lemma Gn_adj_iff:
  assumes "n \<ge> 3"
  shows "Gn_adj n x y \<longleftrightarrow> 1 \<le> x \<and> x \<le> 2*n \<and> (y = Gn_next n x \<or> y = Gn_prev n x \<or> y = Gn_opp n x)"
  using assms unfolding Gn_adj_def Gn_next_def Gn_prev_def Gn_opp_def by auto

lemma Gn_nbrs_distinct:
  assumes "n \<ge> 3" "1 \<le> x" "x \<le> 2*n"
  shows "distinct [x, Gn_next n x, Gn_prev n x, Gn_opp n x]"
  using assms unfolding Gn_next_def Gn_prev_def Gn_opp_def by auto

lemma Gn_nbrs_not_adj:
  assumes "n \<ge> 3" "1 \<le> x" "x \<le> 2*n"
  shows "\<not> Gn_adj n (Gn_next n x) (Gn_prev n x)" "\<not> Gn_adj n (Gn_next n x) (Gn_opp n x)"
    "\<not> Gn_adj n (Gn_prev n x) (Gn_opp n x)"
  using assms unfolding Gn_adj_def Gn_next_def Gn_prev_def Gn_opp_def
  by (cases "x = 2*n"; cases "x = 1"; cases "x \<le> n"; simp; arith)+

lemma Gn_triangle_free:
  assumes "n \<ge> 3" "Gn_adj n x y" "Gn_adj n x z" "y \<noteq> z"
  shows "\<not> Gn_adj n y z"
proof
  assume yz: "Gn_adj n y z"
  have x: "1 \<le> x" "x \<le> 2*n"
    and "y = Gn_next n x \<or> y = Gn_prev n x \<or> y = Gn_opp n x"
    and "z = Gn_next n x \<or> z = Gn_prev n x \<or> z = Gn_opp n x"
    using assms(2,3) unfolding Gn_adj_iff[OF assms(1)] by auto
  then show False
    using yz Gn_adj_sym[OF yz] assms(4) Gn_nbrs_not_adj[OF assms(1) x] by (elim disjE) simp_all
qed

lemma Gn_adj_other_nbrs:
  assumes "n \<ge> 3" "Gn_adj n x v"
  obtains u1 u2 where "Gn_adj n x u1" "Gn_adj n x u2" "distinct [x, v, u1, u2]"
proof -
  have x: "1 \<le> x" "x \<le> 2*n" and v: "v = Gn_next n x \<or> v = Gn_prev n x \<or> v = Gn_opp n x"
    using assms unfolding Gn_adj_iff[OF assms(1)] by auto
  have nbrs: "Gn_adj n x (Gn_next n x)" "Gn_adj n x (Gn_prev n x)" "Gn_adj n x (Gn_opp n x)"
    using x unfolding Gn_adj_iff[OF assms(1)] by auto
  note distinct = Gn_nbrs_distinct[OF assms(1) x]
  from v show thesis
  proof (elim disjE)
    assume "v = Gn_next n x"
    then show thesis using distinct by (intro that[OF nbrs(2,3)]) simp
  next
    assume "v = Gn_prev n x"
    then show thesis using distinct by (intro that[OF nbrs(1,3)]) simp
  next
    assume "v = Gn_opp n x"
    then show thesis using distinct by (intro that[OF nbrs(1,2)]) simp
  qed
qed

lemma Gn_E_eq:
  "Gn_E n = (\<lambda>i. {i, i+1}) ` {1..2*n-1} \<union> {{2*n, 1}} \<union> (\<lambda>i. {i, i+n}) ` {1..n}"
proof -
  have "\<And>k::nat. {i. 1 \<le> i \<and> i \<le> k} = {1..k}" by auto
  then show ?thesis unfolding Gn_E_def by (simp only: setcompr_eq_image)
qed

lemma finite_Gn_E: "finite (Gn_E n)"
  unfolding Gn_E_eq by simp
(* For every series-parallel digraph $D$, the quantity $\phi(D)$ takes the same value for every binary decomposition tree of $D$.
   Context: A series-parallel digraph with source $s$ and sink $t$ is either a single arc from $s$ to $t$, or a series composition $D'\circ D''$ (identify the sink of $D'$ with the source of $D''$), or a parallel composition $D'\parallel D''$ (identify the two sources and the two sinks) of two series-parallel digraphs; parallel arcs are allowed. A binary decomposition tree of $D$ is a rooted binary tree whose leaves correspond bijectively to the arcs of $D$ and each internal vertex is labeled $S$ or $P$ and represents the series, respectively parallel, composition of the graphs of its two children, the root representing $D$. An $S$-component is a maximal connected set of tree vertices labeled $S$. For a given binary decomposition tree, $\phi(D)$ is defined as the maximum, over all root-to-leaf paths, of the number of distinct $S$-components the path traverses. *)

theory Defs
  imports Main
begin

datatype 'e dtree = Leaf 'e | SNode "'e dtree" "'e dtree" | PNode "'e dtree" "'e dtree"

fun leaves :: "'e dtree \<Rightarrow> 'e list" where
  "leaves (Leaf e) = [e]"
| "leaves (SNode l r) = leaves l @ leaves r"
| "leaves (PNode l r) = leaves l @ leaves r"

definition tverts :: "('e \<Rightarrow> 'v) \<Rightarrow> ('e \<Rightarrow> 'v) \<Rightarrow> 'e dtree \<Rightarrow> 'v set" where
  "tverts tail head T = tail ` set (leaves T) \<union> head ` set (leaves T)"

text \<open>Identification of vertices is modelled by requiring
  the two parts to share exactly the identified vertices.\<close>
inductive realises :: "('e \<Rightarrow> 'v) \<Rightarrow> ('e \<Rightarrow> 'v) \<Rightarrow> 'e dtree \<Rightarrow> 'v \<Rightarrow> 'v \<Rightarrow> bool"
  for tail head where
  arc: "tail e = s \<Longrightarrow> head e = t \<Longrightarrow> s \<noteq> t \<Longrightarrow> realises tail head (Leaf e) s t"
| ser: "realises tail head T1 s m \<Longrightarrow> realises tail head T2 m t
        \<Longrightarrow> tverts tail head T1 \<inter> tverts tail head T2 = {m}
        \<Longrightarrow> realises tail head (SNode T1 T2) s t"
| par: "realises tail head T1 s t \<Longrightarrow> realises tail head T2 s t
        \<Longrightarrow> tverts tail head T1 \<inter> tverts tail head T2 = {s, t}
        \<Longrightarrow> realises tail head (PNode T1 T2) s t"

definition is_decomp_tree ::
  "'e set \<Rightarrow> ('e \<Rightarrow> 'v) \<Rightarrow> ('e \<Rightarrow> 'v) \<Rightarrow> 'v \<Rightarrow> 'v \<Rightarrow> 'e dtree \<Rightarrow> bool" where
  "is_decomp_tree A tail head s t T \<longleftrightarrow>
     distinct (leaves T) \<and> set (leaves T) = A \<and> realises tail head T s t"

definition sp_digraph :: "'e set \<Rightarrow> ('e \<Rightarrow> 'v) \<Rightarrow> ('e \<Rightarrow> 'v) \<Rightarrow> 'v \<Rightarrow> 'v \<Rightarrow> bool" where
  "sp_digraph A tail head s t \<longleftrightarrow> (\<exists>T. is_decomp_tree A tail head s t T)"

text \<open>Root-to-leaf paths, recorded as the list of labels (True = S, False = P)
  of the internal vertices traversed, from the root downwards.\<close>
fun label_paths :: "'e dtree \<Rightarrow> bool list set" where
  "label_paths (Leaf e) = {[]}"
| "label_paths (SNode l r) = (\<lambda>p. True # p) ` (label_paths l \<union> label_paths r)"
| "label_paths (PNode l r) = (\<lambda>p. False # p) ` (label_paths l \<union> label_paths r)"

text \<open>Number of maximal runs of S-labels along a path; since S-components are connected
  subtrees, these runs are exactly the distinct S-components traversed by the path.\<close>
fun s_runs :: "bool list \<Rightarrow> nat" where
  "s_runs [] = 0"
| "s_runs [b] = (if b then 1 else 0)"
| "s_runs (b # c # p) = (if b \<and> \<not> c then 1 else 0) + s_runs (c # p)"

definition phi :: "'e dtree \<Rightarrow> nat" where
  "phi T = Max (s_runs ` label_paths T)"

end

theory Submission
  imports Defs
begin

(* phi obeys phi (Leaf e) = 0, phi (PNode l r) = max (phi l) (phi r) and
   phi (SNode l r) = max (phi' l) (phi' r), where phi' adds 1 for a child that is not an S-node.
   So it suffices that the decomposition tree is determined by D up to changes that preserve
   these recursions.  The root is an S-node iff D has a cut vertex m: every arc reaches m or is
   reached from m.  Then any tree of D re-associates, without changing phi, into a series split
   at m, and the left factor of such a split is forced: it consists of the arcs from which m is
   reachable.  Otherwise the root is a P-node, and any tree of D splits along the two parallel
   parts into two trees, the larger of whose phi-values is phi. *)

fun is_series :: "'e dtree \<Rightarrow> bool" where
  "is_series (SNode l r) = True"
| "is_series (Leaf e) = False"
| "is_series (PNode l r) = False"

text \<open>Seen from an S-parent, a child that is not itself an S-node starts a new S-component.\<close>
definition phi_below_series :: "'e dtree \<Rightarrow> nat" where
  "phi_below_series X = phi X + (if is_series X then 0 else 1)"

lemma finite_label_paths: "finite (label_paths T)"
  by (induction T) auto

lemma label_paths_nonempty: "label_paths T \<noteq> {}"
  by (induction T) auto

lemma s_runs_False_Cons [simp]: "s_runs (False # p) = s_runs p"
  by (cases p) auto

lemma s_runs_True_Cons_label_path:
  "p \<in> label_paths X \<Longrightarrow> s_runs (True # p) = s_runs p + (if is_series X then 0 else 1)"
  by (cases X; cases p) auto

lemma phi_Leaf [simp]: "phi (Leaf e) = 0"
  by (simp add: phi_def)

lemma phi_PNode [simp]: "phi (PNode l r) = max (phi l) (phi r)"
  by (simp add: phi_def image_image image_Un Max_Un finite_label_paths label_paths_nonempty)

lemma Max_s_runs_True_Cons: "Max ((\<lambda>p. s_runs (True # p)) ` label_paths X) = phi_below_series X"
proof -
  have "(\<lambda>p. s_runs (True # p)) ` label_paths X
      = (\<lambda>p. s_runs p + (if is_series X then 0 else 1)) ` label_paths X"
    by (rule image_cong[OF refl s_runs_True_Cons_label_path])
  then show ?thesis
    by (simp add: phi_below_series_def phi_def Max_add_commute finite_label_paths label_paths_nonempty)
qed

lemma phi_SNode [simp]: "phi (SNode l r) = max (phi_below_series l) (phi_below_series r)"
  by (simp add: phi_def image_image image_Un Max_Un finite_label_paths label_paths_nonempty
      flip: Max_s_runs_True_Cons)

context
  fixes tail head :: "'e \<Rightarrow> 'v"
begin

::::::::

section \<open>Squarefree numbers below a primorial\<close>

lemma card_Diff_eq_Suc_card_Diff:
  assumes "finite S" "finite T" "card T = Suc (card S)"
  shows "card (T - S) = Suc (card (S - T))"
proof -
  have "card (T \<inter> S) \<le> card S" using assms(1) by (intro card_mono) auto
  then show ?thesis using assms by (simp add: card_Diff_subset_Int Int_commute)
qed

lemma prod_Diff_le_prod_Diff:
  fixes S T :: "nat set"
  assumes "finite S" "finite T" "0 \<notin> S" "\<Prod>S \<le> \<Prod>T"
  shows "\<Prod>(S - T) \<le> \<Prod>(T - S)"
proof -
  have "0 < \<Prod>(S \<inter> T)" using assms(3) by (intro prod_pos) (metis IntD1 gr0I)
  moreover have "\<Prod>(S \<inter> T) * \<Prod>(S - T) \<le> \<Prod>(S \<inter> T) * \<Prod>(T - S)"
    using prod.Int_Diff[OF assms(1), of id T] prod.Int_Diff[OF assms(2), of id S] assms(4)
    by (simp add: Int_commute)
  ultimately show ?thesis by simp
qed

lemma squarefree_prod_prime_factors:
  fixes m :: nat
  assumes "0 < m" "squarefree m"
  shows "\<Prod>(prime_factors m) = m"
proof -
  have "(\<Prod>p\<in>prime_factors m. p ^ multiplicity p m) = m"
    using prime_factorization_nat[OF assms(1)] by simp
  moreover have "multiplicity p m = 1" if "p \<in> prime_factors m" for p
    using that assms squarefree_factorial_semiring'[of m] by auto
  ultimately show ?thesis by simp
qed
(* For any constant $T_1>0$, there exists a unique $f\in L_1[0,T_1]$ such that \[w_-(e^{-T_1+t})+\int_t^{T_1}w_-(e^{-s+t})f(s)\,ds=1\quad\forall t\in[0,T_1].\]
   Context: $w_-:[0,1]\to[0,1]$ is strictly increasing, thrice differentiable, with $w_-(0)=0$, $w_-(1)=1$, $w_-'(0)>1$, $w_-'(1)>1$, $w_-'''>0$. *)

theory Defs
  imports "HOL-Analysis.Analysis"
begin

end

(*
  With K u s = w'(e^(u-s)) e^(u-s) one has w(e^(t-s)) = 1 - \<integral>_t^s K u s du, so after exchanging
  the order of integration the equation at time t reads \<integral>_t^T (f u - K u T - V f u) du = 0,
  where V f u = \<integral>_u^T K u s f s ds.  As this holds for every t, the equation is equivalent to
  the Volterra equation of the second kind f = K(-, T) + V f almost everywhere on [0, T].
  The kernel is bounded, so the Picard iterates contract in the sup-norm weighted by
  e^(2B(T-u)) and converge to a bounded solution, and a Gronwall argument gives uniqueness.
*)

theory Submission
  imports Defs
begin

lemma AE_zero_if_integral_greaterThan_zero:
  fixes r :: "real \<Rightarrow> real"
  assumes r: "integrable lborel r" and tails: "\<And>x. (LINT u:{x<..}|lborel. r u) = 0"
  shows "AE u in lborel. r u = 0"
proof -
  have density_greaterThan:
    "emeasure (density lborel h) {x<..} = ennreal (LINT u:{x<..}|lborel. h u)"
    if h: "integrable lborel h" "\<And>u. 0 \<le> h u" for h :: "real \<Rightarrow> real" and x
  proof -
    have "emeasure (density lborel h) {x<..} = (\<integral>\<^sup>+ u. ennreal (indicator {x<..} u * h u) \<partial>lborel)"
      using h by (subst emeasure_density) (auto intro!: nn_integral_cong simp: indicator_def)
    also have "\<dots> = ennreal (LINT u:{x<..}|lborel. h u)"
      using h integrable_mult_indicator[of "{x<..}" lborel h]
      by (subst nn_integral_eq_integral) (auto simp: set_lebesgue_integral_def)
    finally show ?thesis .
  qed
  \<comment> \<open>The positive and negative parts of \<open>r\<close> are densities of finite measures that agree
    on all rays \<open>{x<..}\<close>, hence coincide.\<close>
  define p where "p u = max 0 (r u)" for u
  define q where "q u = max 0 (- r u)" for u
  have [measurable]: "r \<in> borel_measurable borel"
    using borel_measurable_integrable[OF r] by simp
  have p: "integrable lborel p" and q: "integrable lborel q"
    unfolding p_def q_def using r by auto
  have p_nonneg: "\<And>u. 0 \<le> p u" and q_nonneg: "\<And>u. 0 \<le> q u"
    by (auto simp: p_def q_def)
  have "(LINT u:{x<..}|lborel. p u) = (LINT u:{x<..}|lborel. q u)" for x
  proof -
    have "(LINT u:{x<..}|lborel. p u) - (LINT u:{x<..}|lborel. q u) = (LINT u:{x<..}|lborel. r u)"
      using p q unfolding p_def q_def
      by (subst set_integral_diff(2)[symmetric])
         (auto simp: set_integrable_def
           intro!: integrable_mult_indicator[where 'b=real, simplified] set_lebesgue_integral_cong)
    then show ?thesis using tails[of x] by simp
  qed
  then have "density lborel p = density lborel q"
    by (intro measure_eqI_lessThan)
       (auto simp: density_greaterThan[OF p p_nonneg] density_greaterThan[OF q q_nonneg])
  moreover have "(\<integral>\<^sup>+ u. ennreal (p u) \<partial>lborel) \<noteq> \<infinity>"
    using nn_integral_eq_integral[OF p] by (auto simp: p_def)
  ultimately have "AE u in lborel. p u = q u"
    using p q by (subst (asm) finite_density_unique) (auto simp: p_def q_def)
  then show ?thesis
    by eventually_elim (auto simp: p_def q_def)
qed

::::::::

**Aim of the task:**
Across the records above, how many lines contain the word "exactly"? Give the number by itself.

**Exercise solution:**
2